> **Stored data entries**
Segment Open

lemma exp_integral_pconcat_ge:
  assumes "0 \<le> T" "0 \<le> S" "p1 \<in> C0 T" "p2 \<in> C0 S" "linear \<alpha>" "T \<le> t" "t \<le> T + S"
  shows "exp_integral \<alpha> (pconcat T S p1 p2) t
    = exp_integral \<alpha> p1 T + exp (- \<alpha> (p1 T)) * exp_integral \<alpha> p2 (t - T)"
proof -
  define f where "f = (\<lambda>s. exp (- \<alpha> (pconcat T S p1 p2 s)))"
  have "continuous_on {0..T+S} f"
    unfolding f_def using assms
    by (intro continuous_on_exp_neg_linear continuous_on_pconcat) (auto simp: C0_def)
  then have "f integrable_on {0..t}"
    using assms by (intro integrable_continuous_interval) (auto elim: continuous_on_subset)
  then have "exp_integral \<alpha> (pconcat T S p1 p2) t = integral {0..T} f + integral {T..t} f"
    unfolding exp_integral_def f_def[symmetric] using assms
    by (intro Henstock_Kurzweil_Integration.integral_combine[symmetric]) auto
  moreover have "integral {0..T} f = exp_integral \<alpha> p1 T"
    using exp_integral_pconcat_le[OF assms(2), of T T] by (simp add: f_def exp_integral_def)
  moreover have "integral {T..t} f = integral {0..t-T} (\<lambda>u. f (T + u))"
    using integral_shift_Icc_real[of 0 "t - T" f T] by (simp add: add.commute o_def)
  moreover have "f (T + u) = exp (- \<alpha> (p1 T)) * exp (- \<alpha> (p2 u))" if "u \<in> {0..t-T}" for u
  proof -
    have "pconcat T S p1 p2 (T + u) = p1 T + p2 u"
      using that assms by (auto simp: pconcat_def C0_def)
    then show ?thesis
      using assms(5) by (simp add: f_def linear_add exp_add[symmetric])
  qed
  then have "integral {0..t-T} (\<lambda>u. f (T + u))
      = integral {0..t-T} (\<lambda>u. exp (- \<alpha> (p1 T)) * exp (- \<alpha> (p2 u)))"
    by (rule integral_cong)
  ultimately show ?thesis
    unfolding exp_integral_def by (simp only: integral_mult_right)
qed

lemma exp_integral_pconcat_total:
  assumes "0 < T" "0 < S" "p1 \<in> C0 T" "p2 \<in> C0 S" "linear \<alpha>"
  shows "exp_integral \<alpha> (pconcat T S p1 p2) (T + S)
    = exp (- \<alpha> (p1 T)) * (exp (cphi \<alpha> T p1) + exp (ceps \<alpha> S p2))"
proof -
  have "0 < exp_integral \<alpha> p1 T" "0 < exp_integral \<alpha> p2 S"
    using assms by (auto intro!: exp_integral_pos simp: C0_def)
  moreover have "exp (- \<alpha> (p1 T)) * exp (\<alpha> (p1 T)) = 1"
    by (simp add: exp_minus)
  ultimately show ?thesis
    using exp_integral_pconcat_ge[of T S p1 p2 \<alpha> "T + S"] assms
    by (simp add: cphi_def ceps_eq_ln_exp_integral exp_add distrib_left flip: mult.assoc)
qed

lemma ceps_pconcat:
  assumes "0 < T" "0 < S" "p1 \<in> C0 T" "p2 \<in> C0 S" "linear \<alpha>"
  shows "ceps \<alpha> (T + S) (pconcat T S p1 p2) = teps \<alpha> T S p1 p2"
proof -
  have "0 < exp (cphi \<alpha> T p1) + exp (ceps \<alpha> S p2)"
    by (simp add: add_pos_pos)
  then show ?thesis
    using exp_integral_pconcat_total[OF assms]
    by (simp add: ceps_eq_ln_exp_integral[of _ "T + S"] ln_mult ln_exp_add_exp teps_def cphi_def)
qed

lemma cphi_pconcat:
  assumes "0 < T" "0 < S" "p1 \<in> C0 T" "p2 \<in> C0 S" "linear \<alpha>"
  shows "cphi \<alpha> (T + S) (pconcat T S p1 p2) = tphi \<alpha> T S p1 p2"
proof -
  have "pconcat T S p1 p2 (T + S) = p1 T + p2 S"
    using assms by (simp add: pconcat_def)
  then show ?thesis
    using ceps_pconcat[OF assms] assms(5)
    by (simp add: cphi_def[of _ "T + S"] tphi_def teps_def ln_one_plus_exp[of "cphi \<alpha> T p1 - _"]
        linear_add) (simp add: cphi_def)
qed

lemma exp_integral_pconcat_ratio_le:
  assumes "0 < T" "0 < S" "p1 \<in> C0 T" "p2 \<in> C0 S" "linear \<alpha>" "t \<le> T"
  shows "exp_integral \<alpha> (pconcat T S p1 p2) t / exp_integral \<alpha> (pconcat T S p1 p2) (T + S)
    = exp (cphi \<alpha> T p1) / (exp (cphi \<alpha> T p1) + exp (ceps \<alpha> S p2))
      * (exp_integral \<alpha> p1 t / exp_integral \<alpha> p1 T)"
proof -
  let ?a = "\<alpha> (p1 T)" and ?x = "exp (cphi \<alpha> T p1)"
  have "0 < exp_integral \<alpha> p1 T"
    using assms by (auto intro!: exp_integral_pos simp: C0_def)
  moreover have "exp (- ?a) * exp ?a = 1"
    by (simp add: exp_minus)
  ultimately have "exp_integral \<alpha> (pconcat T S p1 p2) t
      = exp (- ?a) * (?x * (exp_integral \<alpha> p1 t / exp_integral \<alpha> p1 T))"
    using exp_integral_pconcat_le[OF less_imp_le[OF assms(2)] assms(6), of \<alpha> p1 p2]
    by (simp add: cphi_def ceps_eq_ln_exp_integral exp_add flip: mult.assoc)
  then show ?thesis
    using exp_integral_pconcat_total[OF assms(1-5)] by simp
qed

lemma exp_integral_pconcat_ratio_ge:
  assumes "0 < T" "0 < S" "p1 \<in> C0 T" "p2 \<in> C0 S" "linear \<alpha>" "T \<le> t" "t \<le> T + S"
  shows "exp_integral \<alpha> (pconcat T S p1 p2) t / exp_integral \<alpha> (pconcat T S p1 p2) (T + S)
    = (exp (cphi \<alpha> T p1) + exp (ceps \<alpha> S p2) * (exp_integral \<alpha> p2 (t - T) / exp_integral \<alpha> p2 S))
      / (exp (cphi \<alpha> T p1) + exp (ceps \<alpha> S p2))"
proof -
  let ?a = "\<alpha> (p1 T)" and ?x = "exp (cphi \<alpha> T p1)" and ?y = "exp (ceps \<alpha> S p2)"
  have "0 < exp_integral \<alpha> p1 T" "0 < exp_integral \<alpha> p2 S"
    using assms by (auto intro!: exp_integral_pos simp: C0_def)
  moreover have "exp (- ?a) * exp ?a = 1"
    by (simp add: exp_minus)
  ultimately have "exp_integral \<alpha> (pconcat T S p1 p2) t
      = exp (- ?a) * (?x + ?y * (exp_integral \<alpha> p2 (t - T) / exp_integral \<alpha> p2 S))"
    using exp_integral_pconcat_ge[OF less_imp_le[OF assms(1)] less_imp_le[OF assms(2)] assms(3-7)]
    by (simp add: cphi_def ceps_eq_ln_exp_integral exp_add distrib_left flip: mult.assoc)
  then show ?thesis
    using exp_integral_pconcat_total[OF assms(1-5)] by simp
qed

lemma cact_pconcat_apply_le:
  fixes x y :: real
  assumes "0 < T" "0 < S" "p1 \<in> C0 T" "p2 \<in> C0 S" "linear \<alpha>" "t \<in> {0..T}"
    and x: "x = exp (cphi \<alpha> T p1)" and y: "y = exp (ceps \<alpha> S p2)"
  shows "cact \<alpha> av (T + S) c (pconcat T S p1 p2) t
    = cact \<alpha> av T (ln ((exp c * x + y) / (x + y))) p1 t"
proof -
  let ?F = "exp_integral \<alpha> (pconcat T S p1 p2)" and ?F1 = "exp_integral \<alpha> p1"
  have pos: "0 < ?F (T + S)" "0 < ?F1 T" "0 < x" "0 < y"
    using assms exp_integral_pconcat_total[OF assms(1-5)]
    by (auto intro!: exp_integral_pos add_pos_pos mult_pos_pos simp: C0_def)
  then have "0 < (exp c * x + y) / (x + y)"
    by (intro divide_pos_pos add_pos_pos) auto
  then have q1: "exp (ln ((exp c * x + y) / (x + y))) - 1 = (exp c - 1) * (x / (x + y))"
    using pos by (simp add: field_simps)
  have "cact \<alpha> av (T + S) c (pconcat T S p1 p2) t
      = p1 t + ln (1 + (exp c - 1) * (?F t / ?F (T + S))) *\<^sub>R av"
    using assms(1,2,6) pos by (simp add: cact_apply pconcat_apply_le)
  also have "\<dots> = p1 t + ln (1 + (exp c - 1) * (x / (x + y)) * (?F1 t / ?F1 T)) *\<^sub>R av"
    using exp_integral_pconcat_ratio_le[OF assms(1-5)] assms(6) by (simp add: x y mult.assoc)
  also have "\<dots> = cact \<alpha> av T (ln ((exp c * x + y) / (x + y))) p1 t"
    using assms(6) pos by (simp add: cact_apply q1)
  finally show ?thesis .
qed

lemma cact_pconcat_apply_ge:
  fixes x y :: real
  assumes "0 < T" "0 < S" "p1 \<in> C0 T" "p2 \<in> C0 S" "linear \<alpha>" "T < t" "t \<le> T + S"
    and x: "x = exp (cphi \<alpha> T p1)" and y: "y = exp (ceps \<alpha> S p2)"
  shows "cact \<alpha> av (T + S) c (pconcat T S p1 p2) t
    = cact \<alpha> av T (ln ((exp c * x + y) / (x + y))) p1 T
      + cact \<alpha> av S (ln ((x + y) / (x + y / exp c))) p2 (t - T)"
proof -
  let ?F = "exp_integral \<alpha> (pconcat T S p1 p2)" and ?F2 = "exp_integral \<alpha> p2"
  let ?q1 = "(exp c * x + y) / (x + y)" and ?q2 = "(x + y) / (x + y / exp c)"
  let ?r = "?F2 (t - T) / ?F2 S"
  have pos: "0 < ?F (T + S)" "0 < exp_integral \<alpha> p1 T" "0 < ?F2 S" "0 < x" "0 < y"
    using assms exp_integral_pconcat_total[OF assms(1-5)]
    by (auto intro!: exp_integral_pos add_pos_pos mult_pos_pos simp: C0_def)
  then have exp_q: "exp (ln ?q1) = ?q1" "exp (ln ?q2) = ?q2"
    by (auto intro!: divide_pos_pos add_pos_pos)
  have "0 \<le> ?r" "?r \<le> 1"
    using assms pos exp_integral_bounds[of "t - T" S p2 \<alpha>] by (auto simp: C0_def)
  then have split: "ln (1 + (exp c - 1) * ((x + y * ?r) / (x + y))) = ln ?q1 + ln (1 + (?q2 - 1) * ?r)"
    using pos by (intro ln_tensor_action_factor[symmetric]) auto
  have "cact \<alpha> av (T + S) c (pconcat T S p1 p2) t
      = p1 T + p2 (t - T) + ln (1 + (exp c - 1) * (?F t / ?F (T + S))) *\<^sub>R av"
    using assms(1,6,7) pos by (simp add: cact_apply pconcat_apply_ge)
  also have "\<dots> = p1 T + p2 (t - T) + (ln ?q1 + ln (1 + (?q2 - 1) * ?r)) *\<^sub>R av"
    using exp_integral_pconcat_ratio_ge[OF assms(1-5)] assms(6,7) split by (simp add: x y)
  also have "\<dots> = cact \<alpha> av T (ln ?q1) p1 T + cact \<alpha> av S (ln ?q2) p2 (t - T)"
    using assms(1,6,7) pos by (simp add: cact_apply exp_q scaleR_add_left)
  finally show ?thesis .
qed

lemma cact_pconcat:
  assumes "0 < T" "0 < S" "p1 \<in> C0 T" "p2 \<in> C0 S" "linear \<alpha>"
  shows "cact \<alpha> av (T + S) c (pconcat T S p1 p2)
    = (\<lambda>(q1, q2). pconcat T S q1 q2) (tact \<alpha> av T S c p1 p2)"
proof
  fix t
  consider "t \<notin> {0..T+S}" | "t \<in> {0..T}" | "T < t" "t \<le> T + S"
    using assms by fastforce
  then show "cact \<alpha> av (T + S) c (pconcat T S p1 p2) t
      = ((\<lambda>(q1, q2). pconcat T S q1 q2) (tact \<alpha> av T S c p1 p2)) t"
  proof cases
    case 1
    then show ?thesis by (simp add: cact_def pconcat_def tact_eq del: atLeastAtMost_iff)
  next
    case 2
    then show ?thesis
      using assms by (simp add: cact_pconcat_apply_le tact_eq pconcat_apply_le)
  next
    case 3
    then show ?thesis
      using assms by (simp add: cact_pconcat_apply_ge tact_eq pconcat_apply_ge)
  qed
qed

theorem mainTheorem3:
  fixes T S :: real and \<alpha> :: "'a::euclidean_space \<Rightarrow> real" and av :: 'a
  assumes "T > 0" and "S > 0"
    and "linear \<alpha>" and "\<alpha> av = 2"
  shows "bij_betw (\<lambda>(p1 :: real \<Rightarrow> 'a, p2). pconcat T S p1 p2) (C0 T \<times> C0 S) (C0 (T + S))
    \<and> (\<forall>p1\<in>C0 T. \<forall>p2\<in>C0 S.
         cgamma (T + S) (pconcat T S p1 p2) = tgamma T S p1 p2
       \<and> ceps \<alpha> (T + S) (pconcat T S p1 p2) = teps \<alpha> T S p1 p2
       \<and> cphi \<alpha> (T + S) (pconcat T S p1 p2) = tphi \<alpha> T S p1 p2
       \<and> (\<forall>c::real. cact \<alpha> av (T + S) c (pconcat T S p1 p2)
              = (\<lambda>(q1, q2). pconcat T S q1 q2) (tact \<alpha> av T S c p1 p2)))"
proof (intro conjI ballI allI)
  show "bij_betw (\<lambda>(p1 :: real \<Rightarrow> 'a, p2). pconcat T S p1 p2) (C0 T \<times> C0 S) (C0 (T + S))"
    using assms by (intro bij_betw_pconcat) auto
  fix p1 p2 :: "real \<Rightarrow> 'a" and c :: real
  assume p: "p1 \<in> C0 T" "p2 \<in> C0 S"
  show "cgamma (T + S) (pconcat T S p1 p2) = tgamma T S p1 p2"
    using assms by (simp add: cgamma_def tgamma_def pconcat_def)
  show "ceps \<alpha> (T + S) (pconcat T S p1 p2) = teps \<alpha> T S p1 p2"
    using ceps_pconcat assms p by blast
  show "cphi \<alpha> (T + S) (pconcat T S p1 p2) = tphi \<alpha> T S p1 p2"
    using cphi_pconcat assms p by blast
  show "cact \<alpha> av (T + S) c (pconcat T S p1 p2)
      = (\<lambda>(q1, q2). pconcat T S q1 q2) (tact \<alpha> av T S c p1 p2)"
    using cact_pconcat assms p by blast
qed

Segment Closed

> **Action item**
Could you copy every line from the records that mentions the word "lemma"?

> **Problem solution**
lemma exp_integral_pconcat_ge:
lemma exp_integral_pconcat_total:
lemma ceps_pconcat:
lemma cphi_pconcat:
lemma exp_integral_pconcat_ratio_le:
lemma exp_integral_pconcat_ratio_ge:
lemma cact_pconcat_apply_le:
lemma cact_pconcat_apply_ge:
lemma cact_pconcat:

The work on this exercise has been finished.